Wie setzt jeder Arbeiter Arbeitszeit und daher
Wert zu? Immer nur in der Form seiner eigentümlich produktiven Arbeitsweise.
Der Spinner setzt nur Arbeitszeit zu, indem er spinnt, der Weber, indem er
webt, der Schmied, indem er schmiedet. Durch die zweckbestimmte Form aber,
worin sie Arbeit überhaupt zusetzen und daher Neuwert, durch das Spinnen,
Weben, Schmieden werden die Produktionsmittel, Baumwolle und Spindel, Garn und
Webstuhl, Eisen und Amboß, zu Bildungselementen eines Produkts,- eines neuen
Gebrauchswertes. Die alte Form ihres Gebrauchswertes vergeht, aber nur, um in
einer neuen Form von Gebrauchswert aufzugehen. Bei Betrachtung des
Wertbildungsprozesses ergab sich aber, daß, soweit ein Gebrauchswert
zweckmäßig vernutzt wird zur Produktion eines neuen Gebrauchswertes, die zur
Herstellung des vernutzten Gebrauchswertes notwendige Arbeitszeit einen Teil
der zur Herstellung des neuen Gebrauchswertes notwendigen Arbeitszeit bildet,
also Arbeitszeit ist, die vom vernutzten Produktionsmittel auf das neue
Produkt übertragen wird. Der Arbeiter erhält also die Werte der vernutzten
Produktionsmittel oder überträgt sie als Wertbestandteile auf das Produkt,
nicht durch sein Zusetzen von Arbeit überhaupt, sondern durch den besonderen
nützlichen Charakter, durch die spezifisch produktive Form dieser zusätzlichen
Arbeit. Als solche zweckmäßige produktive Tätigkeit, Spinnen, Schmieden,
erweckt die Arbeit durch ihren bloßen Kontakt die Produktionsmittel von den
Toten, begeistert sie zu Faktoren des Arbeitsprozesses und verbindet sich mit
ihnen zu Produkten." (Marx, „Kapital", Bd. I, S. 153—157; Kröners Ausgabe, S.
160—162.)
Die Produktionsmittel
schaffen also keinen neuen Wert. Ihr Wert wird dadurch erhalten, daß er auf
das neue Produkt übertragen wird. Und übertragen wird er durch die konkrete
Arbeit des Arbeiters. Der neue Wert, der den Produktionsmitteln zugesetzt, von
ihnen aufgesaugt wird, wird geschaffen durch die
abstrakte Arbeit:
„Wäre die spezifische produktive Arbeit des
Arbeiters nicht Spinnen, so würde er die Baumwolle nicht in Garn verwandeln,
also auch die Werte von Baumwolle und Spindel nicht auf das Garn übertragen.
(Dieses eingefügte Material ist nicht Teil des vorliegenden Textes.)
lemma integral_mult_kernel_tendsto:
  fixes v :: "real \<Rightarrow> real" and k :: "nat \<Rightarrow> real \<Rightarrow> real"
  assumes v: "continuous_on S v" "c \<in> S"
    and I: "\<And>n. {l n..u n} \<subseteq> S" "\<And>n. c \<in> {l n..u n}" "(\<lambda>n. u n - l n) \<longlonglongrightarrow> 0"
    and k: "\<And>n. continuous_on {l n..u n} (k n)" "\<And>n t. t \<in> {l n..u n} \<Longrightarrow> k n t \<ge> 0"
      "\<And>n. (k n has_integral 1) {l n..u n}"
  shows "(\<lambda>n. integral {l n..u n} (\<lambda>t. v t * k n t)) \<longlonglongrightarrow> v c"
proof (rule tendstoI)
  fix r :: real
  assume "r > 0"
  then obtain \<delta> where \<delta>: "\<delta> > 0" "\<And>t. t \<in> S \<Longrightarrow> dist t c < \<delta> \<Longrightarrow> dist (v t) (v c) < r / 2"
    using v unfolding continuous_on_iff by (metis half_gt_zero)
  have "\<forall>\<^sub>F n in sequentially. u n - l n < \<delta>"
    using I(3) \<delta>(1) by (intro order_tendstoD(2)) auto
  then show "\<forall>\<^sub>F n in sequentially. dist (integral {l n..u n} (\<lambda>t. v t * k n t)) (v c) < r"
  proof eventually_elim
    case (elim n)
    have "\<bar>integral {l n..u n} (\<lambda>t. v t * k n t) - v c\<bar> \<le> r / 2"
    proof (rule abs_integral_mult_kernel_minus_le[OF continuous_on_subset[OF v(1) I(1)] k])
      fix t
      assume "t \<in> {l n..u n}"
      then show "\<bar>v t - v c\<bar> \<le> r / 2"
        using I(1,2)[of n] elim \<delta>(2)[of t] by (force simp: dist_real_def)
    qed
    then show ?case using \<open>r > 0\<close> by (simp add: dist_real_def)
  qed
qed
lemma combination_if_vanishes_on_kernel:
  assumes "finite I" and onto: "\<And>z. \<exists>f\<in>V. \<forall>i\<in>I. \<phi> i f = z i"
    and kernel: "\<And>f. f \<in> V \<Longrightarrow> \<forall>i\<in>I. \<phi> i f = 0 \<Longrightarrow> \<phi> a f = 0"
  shows "\<exists>c. \<forall>f\<in>V. \<phi> a f = (\<Sum>i\<in>I. \<phi> i f * c i)"
proof -
  have "\<forall>j\<in>I. \<exists>g\<in>V. \<forall>i\<in>I. \<phi> i g = (if i = j then 1 else 0)" by (intro ballI onto)
  then obtain e where eV: "\<And>j. j \<in> I \<Longrightarrow> e j \<in> V"
    and e: "\<And>i j. i \<in> I \<Longrightarrow> j \<in> I \<Longrightarrow> \<phi> i (e j) = (if i = j then 1 else 0)"
    by metis
  have "\<phi> a f = (\<Sum>j\<in>I. \<phi> j f * \<phi> a (e j))" if f: "f \<in> V" for f
  proof -
    define h where "h = (\<lambda>x. 1 * f x + (-1) * (\<Sum>j\<in>I. \<phi> j f * e j x))"
    have hV: "h \<in> V"
      unfolding h_def using assms(1) f eV by (intro lincomb_in sum_in) auto
    have "\<phi> i h = 1 * \<phi> i f + (-1) * \<phi> i (\<lambda>x. \<Sum>j\<in>I. \<phi> j f * e j x)" for i
      unfolding h_def using assms(1) eV by (intro linear f sum_in)
    then have \<phi>_h: "\<phi> i h = \<phi> i f - (\<Sum>j\<in>I. \<phi> j f * \<phi> i (e j))" for i
      using assms(1) eV by (simp add: linear_sum)
    have dual: "(\<Sum>j\<in>I. \<phi> j f * \<phi> i (e j)) = \<phi> i f" if "i \<in> I" for i
    proof -
      have "(\<Sum>j\<in>I. \<phi> j f * \<phi> i (e j)) = (\<Sum>j\<in>I. if j = i then \<phi> j f else 0)"
        using that by (intro sum.cong) (auto simp: e)
      then show ?thesis using that assms(1) by simp
    qed
    have "\<phi> i h = 0" if "i \<in> I" for i
      using \<phi>_h[of i] dual[OF that] by simp
    then have "\<phi> a h = 0" using kernel[OF hV] by blast
    then show ?thesis using \<phi>_h[of a] by simp
  qed
  then show ?thesis by (intro exI[of _ "\<lambda>j. \<phi> a (e j)"]) blast
qed

lemma independent_if_insert_independent:
  assumes "finite I" and "a \<notin> I"
    and indep: "\<And>c. \<forall>f\<in>V. (\<Sum>i\<in>insert a I. c i * \<phi> i f) = 0 \<Longrightarrow> \<forall>i\<in>insert a I. c i = 0"
    and c: "\<forall>f\<in>V. (\<Sum>i\<in>I. c i * \<phi> i f) = 0"
  shows "\<forall>i\<in>I. c i = 0"
proof -
  define c' where "c' i = (if i = a then 0 else c i)" for i
  have "(\<Sum>i\<in>I. c' i * \<phi> i f) = (\<Sum>i\<in>I. c i * \<phi> i f)" for f
    using \<open>a \<notin> I\<close> by (intro sum.cong) (auto simp: c'_def)
  then have "\<forall>i\<in>insert a I. c' i = 0"
    using c assms(1,2) by (intro indep) (simp add: c'_def)
  then show ?thesis using \<open>a \<notin> I\<close> by (auto simp: c'_def split: if_splits)
qed

lemma onto_if_independent:
  assumes "finite I" and "\<And>c. \<forall>f\<in>V. (\<Sum>i\<in>I. c i * \<phi> i f) = 0 \<Longrightarrow> \<forall>i\<in>I. c i = 0"
  shows "\<exists>f\<in>V. \<forall>i\<in>I. \<phi> i f = y i"
  using assms
proof (induction I arbitrary: y rule: finite_induct)
  case empty
  then show ?case using zero_in by blast
next
  case (insert a I)
  have onto: "\<exists>f\<in>V. \<forall>i\<in>I. \<phi> i f = z i" for z
    using insert.IH independent_if_insert_independent[OF insert.hyps insert.prems] by blast
  have "\<exists>f0\<in>V. (\<forall>i\<in>I. \<phi> i f0 = 0) \<and> \<phi> a f0 \<noteq> 0"
  proof (rule ccontr)
    assume "\<not> ?thesis"
    then obtain c where c: "\<And>f. f \<in> V \<Longrightarrow> \<phi> a f = (\<Sum>i\<in>I. \<phi> i f * c i)"
      using combination_if_vanishes_on_kernel[OF insert.hyps(1) onto] by blast
    define c' where "c' i = (if i = a then 1 else - c i)" for i
    have "(\<Sum>i\<in>insert a I. c' i * \<phi> i f) = 0" if "f \<in> V" for f
    proof -
      have "(\<Sum>i\<in>I. c' i * \<phi> i f) = (\<Sum>i\<in>I. - (\<phi> i f * c i))"
        using insert.hyps by (intro sum.cong) (auto simp: c'_def)
      then have "(\<Sum>i\<in>I. c' i * \<phi> i f) = - (\<Sum>i\<in>I. \<phi> i f * c i)"
        by (simp add: sum_negf)
      then show ?thesis using insert.hyps c[OF that] by (simp add: c'_def)
    qed
    then have "c' a = 0" using insert.prems by blast
    then show False by (simp add: c'_def)
  qed
  then obtain f0 where f0: "f0 \<in> V" "\<And>i. i \<in> I \<Longrightarrow> \<phi> i f0 = 0" "\<phi> a f0 \<noteq> 0" by blast
  obtain f where f: "f \<in> V" "\<And>i. i \<in> I \<Longrightarrow> \<phi> i f = y i" using onto by blast
  define t where "t = (y a - \<phi> a f) / \<phi> a f0"
  have "\<phi> i (\<lambda>x. 1 * f x + t * f0 x) = \<phi> i f + t * \<phi> i f0" for i
    using linear[OF f(1) f0(1), of i 1 t] by simp
  then have "\<forall>i\<in>insert a I. \<phi> i (\<lambda>x. 1 * f x + t * f0 x) = y i"
    using f f0 by (auto simp: t_def)
  moreover have "(\<lambda>x. 1 * f x + t * f0 x) \<in> V" using f f0 by (intro lincomb_in)
  ultimately show ?case by blast
qed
Wechselt dagegen derselbe Arbeiter den Beruf und wird Tischler, so wird er
nach wie vor durch einen Arbeitstag seinem Material Wert zusetzen. Er setzt
ihn also zu durch seine Arbeit, nicht soweit sie Spinnarbeit oder
Tischlerarbeit, sondern soweit sie abstrakte, gesellschaftliche Arbeit
überhaupt, und er setzt eine bestimmte Wertgröße zu, nicht weil seine Arbeit
einen besonderen nützlichen Inhalt hat, sondern weil sie eine bestimmte Zeit
dauert. In ihrer abstrakten allgemeinen Eigenschaft also, als Verausgabung
menschlicher Arbeitskraft, setzt die Arbeit des Spinners den Werten von
Baumwolle und Spindel Neuwert zu, und in ihrer konkreten, besonderen,
nützlichen Eigenschaft als Spinnprozeß überträgt sie den Wert dieser
Produktionsmittel auf das Produkt und erhält so ihren Wert im Produkt. Daher
die Doppelseitigkeit ihres Resultats in demselben Zeitpunkt. ) Durch das
bloß quantitative Zusetzen von Arbeit wird neuer Wert zugesetzt,
durch die Qualität der zugesetzen Arbeit werden
die alten Werte der Produktionsmittel im Produkt erhalten. Diese
doppelseitige Wirkung derselben Arbeit infolge ihres doppelseitigen Charakters
zeigt sich handgreiflich an verschiedenen Erscheinungen.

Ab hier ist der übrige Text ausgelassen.